> Task description
For the entries that follow, restate word for word the line containing "p s\<bar> \<le>", the line containing "using poly_pderiv_lagrange_interpolation[where x", and every line that lies between them.

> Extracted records
^^^^
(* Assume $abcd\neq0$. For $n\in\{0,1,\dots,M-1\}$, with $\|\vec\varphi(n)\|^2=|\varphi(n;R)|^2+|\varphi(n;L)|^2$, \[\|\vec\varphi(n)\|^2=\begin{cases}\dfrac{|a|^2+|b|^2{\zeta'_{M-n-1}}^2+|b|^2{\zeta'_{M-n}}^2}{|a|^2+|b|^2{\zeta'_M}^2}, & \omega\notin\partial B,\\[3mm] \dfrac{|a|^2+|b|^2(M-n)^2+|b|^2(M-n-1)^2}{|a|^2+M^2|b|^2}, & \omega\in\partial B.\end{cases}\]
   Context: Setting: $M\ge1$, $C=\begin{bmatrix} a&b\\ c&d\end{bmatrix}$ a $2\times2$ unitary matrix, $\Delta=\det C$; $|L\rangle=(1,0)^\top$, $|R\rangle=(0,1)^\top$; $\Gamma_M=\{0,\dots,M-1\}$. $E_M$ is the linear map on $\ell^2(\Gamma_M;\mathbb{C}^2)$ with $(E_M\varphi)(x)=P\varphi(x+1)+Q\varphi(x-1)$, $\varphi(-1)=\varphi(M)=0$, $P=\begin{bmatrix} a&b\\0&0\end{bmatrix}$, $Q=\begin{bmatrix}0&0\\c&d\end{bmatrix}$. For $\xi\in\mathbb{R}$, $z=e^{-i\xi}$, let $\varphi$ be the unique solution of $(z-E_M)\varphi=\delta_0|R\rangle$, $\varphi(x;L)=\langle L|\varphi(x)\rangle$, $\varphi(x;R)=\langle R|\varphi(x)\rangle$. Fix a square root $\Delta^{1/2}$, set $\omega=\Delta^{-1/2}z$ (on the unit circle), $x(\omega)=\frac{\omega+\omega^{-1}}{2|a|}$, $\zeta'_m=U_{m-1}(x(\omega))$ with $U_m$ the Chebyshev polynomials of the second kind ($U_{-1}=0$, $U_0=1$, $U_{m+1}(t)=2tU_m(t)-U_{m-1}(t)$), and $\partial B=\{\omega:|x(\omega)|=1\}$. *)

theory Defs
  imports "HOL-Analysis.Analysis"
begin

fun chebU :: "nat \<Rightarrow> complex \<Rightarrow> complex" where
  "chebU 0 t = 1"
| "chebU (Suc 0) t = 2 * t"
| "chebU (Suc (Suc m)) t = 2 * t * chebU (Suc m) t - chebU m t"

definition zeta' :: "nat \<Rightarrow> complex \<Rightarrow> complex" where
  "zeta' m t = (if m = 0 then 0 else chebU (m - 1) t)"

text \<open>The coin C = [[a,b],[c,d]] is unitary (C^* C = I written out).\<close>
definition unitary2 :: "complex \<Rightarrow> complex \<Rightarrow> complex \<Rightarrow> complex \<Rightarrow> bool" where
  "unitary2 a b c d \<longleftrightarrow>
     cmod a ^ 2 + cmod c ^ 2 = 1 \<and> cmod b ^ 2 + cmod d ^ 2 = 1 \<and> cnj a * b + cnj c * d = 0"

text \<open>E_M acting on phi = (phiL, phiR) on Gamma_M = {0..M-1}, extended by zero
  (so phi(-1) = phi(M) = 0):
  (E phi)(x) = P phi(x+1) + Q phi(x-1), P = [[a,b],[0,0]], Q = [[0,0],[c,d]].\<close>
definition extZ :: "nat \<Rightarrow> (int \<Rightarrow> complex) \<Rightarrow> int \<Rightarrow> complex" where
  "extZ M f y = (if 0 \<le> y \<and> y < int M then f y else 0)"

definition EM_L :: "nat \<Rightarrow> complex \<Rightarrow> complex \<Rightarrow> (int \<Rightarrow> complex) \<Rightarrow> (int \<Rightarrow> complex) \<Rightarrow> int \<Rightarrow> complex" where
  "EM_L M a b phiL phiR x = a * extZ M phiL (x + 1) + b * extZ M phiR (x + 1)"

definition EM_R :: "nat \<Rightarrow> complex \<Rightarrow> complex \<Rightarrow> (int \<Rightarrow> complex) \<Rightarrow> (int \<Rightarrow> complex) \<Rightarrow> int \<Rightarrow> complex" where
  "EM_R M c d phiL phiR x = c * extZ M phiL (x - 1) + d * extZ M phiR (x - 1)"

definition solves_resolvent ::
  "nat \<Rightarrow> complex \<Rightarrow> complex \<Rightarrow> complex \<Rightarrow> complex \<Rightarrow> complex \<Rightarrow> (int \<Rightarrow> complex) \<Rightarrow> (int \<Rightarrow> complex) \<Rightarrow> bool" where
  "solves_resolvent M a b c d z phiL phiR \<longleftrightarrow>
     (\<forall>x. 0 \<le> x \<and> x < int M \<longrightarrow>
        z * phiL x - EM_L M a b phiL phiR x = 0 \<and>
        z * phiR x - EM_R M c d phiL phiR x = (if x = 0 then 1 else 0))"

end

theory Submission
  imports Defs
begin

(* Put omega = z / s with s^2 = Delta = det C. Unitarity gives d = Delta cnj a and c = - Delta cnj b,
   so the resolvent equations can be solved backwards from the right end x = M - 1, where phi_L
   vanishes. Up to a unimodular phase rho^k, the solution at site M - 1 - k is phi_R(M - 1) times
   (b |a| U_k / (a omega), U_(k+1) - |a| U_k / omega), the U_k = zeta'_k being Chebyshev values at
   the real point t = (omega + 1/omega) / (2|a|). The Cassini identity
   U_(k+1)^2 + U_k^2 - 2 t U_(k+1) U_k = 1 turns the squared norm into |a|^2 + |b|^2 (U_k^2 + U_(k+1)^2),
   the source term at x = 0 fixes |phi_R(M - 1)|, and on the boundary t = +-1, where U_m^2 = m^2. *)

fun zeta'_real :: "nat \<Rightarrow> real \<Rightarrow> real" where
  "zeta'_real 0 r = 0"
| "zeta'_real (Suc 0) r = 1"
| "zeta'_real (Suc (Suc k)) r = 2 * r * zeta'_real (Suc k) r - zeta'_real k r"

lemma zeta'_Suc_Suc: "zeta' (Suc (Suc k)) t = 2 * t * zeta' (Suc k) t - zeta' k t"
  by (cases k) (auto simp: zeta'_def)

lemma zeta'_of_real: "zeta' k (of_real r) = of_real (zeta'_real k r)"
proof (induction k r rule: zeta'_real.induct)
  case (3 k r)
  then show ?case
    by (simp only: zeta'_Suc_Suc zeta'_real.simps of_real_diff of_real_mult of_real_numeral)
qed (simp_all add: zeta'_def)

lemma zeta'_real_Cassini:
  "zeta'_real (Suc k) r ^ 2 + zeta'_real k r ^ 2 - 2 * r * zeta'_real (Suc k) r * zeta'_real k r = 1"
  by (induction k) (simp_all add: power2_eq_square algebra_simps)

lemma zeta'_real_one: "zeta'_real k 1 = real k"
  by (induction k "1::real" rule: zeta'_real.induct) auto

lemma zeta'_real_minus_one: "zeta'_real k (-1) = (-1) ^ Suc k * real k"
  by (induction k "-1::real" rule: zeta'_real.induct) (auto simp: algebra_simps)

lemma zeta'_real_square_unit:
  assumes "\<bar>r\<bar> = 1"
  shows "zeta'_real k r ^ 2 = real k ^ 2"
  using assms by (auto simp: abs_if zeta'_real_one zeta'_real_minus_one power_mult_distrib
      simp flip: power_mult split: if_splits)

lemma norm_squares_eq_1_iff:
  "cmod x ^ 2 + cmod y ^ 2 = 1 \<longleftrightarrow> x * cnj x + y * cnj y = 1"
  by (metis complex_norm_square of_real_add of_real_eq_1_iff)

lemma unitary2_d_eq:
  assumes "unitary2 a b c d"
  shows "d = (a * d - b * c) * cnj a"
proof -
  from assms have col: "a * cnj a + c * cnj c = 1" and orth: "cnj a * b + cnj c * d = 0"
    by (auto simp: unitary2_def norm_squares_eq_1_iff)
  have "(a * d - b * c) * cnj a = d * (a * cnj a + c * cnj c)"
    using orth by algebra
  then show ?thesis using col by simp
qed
^^^^
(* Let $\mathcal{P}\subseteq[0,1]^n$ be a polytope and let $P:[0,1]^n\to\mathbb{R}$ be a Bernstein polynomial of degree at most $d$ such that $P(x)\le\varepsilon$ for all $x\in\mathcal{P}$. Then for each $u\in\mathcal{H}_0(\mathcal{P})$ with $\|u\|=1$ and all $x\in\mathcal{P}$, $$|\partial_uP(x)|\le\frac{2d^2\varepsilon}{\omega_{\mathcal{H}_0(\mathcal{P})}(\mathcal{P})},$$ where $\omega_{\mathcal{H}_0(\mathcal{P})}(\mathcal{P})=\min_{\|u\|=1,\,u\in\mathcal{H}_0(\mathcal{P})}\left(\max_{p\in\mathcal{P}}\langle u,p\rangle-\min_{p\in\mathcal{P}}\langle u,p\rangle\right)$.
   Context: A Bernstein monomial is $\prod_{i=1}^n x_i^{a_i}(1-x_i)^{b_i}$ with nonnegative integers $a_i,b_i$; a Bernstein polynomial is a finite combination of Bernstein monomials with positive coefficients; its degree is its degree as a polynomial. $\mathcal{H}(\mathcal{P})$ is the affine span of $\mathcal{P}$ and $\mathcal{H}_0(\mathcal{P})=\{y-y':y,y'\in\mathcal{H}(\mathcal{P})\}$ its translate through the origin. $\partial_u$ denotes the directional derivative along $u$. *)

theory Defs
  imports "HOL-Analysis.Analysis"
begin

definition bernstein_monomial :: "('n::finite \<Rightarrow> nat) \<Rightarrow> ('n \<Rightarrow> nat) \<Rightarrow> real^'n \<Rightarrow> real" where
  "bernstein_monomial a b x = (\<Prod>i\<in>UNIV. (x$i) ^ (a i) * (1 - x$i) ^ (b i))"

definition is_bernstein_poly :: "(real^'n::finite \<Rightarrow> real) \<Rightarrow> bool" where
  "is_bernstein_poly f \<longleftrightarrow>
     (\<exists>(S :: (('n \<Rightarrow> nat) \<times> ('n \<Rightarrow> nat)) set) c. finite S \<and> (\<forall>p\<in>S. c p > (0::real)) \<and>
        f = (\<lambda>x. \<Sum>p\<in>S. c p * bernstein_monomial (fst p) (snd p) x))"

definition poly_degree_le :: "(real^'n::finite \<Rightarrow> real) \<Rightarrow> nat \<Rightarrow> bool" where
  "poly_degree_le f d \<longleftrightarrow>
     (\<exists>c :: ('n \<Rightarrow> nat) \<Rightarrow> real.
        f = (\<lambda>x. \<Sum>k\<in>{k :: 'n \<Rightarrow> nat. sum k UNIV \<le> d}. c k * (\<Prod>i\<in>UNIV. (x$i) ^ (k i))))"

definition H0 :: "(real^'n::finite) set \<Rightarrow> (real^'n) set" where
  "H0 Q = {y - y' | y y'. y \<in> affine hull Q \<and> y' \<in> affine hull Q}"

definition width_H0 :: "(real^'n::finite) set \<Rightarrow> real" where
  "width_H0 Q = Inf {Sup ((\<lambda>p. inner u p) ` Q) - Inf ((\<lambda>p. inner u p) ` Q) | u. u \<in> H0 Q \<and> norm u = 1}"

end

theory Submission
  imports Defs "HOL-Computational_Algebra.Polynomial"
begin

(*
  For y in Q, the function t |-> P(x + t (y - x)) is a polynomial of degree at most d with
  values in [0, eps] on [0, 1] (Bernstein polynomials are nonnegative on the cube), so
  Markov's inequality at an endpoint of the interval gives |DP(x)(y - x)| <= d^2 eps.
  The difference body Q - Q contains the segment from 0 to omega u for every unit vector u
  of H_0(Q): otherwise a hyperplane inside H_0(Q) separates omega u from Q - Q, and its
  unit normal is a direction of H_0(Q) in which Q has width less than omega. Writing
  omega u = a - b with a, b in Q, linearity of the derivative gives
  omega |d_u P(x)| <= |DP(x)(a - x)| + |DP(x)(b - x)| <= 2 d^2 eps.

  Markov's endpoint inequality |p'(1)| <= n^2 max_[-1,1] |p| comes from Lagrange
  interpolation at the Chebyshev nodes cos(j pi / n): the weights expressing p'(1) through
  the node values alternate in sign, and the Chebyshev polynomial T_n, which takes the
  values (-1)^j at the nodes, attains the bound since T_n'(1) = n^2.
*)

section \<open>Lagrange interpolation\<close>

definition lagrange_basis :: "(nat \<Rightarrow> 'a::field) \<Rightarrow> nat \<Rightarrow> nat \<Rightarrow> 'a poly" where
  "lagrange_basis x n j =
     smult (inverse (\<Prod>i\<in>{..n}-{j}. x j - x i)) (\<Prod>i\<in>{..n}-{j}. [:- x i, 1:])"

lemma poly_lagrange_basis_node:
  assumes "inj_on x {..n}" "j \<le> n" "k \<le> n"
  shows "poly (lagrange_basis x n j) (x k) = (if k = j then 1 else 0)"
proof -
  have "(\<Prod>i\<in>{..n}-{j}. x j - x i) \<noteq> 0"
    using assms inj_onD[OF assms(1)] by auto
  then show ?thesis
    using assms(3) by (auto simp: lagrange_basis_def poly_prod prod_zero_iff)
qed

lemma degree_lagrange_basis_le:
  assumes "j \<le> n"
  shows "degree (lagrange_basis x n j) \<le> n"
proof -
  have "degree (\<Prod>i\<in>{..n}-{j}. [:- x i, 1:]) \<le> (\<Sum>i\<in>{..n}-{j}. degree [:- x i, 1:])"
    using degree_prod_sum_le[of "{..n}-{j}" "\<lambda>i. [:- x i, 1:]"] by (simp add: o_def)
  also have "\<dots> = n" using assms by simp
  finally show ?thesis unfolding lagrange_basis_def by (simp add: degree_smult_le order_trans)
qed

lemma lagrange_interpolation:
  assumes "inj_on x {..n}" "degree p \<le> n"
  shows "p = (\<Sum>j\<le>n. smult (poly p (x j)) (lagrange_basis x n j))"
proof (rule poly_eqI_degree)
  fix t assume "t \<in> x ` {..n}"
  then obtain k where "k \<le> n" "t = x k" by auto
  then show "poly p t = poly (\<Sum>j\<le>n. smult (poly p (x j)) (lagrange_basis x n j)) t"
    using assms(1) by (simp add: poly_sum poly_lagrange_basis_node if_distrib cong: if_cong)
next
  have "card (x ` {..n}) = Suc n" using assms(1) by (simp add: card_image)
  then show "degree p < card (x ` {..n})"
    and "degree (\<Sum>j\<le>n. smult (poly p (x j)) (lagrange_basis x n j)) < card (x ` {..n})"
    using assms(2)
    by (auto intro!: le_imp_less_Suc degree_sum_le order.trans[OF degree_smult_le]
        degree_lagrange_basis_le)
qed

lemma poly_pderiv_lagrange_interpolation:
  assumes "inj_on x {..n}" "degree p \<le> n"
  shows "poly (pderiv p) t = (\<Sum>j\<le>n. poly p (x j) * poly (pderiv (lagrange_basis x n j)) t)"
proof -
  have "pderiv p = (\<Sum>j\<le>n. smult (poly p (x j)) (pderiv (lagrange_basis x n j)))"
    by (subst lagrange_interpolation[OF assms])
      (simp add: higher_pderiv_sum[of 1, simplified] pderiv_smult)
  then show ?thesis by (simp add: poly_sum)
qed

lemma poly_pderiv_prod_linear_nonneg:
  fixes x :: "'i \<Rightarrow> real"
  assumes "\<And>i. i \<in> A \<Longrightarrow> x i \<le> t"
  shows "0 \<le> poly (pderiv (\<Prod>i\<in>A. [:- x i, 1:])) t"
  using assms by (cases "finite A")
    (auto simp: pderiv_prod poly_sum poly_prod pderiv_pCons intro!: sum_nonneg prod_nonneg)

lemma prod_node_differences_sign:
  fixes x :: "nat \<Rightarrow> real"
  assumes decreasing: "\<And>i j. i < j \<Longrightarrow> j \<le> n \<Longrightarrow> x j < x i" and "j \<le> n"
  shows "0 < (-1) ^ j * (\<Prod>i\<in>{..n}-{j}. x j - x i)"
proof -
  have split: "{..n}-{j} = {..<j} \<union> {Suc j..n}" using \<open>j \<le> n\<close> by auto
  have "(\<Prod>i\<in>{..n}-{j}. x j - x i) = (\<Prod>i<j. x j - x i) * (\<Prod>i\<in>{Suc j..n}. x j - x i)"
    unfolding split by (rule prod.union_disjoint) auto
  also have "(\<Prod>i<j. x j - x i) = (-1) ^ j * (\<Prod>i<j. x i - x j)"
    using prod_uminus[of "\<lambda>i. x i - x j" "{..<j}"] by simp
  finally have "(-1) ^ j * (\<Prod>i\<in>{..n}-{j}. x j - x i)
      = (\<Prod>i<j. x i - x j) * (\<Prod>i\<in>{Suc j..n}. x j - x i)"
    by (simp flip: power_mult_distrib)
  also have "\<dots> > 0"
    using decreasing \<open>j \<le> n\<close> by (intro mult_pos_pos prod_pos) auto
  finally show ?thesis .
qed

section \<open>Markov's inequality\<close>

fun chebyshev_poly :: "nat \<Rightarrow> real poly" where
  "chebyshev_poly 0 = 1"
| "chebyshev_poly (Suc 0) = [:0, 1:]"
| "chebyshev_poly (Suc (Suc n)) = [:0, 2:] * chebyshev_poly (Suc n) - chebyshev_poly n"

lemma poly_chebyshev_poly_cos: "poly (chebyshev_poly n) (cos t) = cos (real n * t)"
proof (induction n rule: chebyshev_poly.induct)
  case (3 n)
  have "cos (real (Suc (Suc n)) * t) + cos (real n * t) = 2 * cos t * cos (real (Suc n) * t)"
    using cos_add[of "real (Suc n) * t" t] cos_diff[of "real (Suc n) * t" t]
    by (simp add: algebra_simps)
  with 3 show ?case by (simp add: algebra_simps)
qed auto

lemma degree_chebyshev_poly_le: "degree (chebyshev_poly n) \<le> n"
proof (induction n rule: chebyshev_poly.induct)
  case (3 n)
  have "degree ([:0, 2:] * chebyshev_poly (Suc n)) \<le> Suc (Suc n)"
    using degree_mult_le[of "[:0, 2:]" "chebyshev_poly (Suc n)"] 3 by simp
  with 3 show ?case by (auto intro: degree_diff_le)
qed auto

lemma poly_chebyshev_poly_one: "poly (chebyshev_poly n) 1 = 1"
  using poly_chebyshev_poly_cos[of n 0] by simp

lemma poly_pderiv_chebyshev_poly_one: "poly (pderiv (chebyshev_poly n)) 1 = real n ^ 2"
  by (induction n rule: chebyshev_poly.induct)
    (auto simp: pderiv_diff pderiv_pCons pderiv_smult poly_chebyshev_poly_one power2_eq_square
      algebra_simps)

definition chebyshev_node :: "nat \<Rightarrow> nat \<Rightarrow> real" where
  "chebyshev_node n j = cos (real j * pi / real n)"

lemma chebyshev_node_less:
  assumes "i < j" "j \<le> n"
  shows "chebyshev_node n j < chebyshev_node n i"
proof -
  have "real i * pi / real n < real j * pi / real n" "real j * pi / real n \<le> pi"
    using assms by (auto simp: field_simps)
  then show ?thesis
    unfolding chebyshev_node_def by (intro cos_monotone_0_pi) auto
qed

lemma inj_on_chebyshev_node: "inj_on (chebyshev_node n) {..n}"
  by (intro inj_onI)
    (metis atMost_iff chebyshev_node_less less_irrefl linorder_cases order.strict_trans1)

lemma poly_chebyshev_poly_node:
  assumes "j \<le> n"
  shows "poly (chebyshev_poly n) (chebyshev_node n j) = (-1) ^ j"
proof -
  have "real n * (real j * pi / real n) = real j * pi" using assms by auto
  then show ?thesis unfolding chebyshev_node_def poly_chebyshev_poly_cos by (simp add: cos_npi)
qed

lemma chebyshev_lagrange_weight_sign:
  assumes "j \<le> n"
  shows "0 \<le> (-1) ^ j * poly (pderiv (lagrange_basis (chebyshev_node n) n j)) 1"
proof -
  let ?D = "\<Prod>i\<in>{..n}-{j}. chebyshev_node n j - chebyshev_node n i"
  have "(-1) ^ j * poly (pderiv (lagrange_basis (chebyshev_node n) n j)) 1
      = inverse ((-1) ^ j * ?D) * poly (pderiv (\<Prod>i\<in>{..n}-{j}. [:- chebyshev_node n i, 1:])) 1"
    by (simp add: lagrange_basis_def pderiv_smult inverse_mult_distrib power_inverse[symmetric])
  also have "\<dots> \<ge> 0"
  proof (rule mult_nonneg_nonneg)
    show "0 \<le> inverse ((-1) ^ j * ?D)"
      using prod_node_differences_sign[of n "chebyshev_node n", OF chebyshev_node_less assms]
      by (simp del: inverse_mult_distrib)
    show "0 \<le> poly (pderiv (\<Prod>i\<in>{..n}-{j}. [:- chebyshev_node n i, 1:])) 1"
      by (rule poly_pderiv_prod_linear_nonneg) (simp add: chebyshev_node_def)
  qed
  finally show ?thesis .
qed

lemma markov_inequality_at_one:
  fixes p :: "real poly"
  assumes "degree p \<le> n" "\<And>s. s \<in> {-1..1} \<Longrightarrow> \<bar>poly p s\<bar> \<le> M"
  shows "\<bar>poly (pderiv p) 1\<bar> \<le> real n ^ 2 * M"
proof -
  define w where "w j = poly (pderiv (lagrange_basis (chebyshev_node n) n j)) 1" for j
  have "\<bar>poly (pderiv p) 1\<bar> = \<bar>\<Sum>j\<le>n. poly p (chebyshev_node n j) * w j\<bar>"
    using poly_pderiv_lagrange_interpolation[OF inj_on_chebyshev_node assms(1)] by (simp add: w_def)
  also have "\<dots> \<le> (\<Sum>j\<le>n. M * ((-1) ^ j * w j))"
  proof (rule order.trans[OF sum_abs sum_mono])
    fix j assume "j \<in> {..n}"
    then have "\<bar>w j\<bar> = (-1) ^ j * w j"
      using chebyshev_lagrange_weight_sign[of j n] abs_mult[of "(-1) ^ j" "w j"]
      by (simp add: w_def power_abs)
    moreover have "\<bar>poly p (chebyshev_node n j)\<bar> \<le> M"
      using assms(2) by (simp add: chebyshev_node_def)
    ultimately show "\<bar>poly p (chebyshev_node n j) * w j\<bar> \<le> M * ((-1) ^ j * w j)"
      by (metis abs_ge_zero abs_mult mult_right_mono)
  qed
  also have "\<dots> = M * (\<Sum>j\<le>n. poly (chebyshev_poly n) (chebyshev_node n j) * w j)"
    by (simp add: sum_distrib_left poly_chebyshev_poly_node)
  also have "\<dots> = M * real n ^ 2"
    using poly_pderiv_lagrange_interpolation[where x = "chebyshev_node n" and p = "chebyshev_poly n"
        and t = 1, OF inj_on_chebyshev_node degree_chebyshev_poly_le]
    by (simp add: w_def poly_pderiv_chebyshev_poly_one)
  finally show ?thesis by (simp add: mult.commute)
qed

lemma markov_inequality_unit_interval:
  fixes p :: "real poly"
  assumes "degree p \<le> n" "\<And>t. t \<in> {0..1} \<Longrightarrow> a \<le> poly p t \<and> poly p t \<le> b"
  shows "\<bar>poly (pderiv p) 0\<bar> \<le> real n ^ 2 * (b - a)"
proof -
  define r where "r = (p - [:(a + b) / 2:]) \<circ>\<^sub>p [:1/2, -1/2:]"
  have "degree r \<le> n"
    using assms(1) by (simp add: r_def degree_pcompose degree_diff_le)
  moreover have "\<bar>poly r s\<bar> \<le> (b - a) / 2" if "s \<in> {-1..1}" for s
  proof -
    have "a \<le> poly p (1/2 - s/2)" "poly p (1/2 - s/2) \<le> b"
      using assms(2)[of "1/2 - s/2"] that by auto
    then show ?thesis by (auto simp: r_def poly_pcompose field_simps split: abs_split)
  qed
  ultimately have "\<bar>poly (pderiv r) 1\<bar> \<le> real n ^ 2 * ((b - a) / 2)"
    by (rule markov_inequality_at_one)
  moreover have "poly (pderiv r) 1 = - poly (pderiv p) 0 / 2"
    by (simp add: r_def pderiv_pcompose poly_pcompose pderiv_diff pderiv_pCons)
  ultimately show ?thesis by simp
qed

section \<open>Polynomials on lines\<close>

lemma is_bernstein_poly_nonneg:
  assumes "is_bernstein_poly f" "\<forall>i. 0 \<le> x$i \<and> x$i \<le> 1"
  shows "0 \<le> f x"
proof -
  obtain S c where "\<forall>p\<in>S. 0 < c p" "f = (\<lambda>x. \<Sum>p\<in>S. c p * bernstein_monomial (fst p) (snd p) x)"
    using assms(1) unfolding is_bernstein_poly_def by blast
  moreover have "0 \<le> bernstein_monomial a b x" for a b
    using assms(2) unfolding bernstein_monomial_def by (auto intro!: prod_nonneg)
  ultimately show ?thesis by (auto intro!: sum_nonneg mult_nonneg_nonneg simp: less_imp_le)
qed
^^^^
> Response for this exercise
  assumes "degree p \<le> n" "\<And>s. s \<in> {-1..1} \<Longrightarrow> \<bar>poly p s\<bar> \<le> M"
  shows "\<bar>poly (pderiv p) 1\<bar> \<le> real n ^ 2 * M"
proof -
  define w where "w j = poly (pderiv (lagrange_basis (chebyshev_node n) n j)) 1" for j
  have "\<bar>poly (pderiv p) 1\<bar> = \<bar>\<Sum>j\<le>n. poly p (chebyshev_node n j) * w j\<bar>"
    using poly_pderiv_lagrange_interpolation[OF inj_on_chebyshev_node assms(1)] by (simp add: w_def)
  also have "\<dots> \<le> (\<Sum>j\<le>n. M * ((-1) ^ j * w j))"
  proof (rule order.trans[OF sum_abs sum_mono])
    fix j assume "j \<in> {..n}"
    then have "\<bar>w j\<bar> = (-1) ^ j * w j"
      using chebyshev_lagrange_weight_sign[of j n] abs_mult[of "(-1) ^ j" "w j"]
      by (simp add: w_def power_abs)
    moreover have "\<bar>poly p (chebyshev_node n j)\<bar> \<le> M"
      using assms(2) by (simp add: chebyshev_node_def)
    ultimately show "\<bar>poly p (chebyshev_node n j) * w j\<bar> \<le> M * ((-1) ^ j * w j)"
      by (metis abs_ge_zero abs_mult mult_right_mono)
  qed
  also have "\<dots> = M * (\<Sum>j\<le>n. poly (chebyshev_poly n) (chebyshev_node n j) * w j)"
    by (simp add: sum_distrib_left poly_chebyshev_poly_node)
  also have "\<dots> = M * real n ^ 2"
    using poly_pderiv_lagrange_interpolation[where x = "chebyshev_node n" and p = "chebyshev_poly n"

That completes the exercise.